The answer should consist of every line in the material below that has the word "lambda".

(SUPPLIED RECORDS)

(* Fix $J+1\le k\le M$, nonnegative reals $a_{J+1},\dots,a_{M+L}$, and the test channels $q_\kappa$ (on finite alphabets) for all $\kappa\in\{J+1,\dots,M\}\setminus\{k\}$. Consider the minimization of $$\omega(q_k)=\sum_{i=J+1}^M a_iR^0_i+\sum_{l=1}^L a_{M+l}D^0_l$$ over all finite alphabets $\mathcal Z_k$ and all test channels $q_k(z_k|x_k)$ (equivalently, over all pairs $(p'_k,q'_k)$ with $p'_k$ a pmf on a finite $\mathcal Z_k$ and $q'_k(\cdot|z_k)\in\Delta_{\mathcal X_k}$ satisfying $p_k(x_k)=\sum_{z_k}p'_k(z_k)q'_k(x_k|z_k)$ for all $x_k$). Then this minimum is attained, and it is attained by some test channel whose output alphabet satisfies $|\mathcal Z_k|\le|\mathcal X_k|$.
   Context: Let $M\ge1$, $0\le J\le M$, $L\ge1$. Let $X_1,\dots,X_M,S,V$ be random variables on finite alphabets with joint pmf $p(x_1,\dots,x_M,s,v)$; for $1\le l\le L$, $\hat{\mathcal V}_l$ is a finite reconstruction alphabet and $d_l:\mathcal V\times\hat{\mathcal V}_l\to[0,d_{l,\max}]$ a bounded distortion measure. For $J+1\le \kappa\le M$, $Z_\kappa$ takes values in a finite alphabet $\mathcal Z_\kappa$ and is generated by a test channel $q_\kappa(z_\kappa|x_\kappa)$, so that $(X_1,\dots,X_M,S,V,Z_{J+1},\dots,Z_M)$ has joint pmf $p(x_1,\dots,x_M,s,v)\prod_{\kappa=J+1}^M q_\kappa(z_\kappa|x_\kappa)$. For $A$ a set of indices, $X_A=(X_j)_{j\in A}$, $Z_A=(Z_j)_{j\in A}$. Define $R^0_i=I(X_i;Z_i\mid X_{\{1,\dots,J\}},Z_{\{J+1,\dots,i-1\}},S)$ for $J+1\le i\le M$, and $D^0_l=\min_{\psi_l}\mathbb E\,d_l(V,\psi_l(X_{\{1,\dots,J\}},Z_{\{J+1,\dots,M\}},S))$, the minimum over all maps $\psi_l:\mathcal X_1\times\dots\times\mathcal X_J\times\mathcal Z_{J+1}\times\dots\times\mathcal Z_M\times\mathcal S\to\hat{\mathcal V}_l$. $p_k$ is the marginal pmf of $X_k$, $p'_k$ the marginal pmf of $Z_k$, and $q'_k(x_k|z_k)$ the conditional pmf of $X_k$ given $Z_k=z_k$. $\Delta_{\mathcal X_k}$ is the probability simplex of pmfs on $\mathcal X_k$. *)

theory Defs
  imports Complex_Main "HOL-Library.FuncSet"
begin

definition marg :: "'o set \<Rightarrow> ('o \<Rightarrow> real) \<Rightarrow> ('o \<Rightarrow> 'b) \<Rightarrow> 'b \<Rightarrow> real" where
  "marg Om P f b = sum P {w \<in> Om. f w = b}"

definition cond_mutual_info ::
  "'o set \<Rightarrow> ('o \<Rightarrow> real) \<Rightarrow> ('o \<Rightarrow> 'b) \<Rightarrow> ('o \<Rightarrow> 'c) \<Rightarrow> ('o \<Rightarrow> 'e) \<Rightarrow> real" where
  "cond_mutual_info Om P A B C =
     (\<Sum>w\<in>Om. if P w = 0 then 0 else
        P w * log 2 ((marg Om P (\<lambda>u. (A u, B u, C u)) (A w, B w, C w) * marg Om P C (C w)) /
                     (marg Om P (\<lambda>u. (A u, C u)) (A w, C w) * marg Om P (\<lambda>u. (B u, C u)) (B w, C w))))"

definition is_channel :: "'a set \<Rightarrow> nat \<Rightarrow> ('a \<Rightarrow> nat \<Rightarrow> real) \<Rightarrow> bool" where
  "is_channel A N q \<longleftrightarrow> (\<forall>x\<in>A. (\<forall>z<N. 0 \<le> q x z) \<and> (\<Sum>z<N. q x z) = 1)"

definition src_space :: "nat \<Rightarrow> (nat \<Rightarrow> 'a set) \<Rightarrow> 's set \<Rightarrow> 'v set \<Rightarrow> ((nat \<Rightarrow> 'a) \<times> 's \<times> 'v) set" where
  "src_space M AX AS AV = PiE {1..M} AX \<times> AS \<times> AV"

definition joint_space :: "nat \<Rightarrow> nat \<Rightarrow> (nat \<Rightarrow> 'a set) \<Rightarrow> 's set \<Rightarrow> 'v set \<Rightarrow> (nat \<Rightarrow> nat)
    \<Rightarrow> (((nat \<Rightarrow> 'a) \<times> 's \<times> 'v) \<times> (nat \<Rightarrow> nat)) set" where
  "joint_space M J AX AS AV n = src_space M AX AS AV \<times> PiE {J+1..M} (\<lambda>\<kappa>. {0..<n \<kappa>})"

(End SUPPLIED RECORDS)

§ **WRITTEN RESPONSE**
        P w * log 2 ((marg Om P (\<lambda>u. (A u, B u, C u)) (A w, B w, C w) * marg Om P C (C w)) /
                     (marg Om P (\<lambda>u. (A u, C u)) (A w, C w) * marg Om P (\<lambda>u. (B u, C u)) (B w, C w))))"
  "joint_space M J AX AS AV n = src_space M AX AS AV \<times> PiE {J+1..M} (\<lambda>\<kappa>. {0..<n \<kappa>})"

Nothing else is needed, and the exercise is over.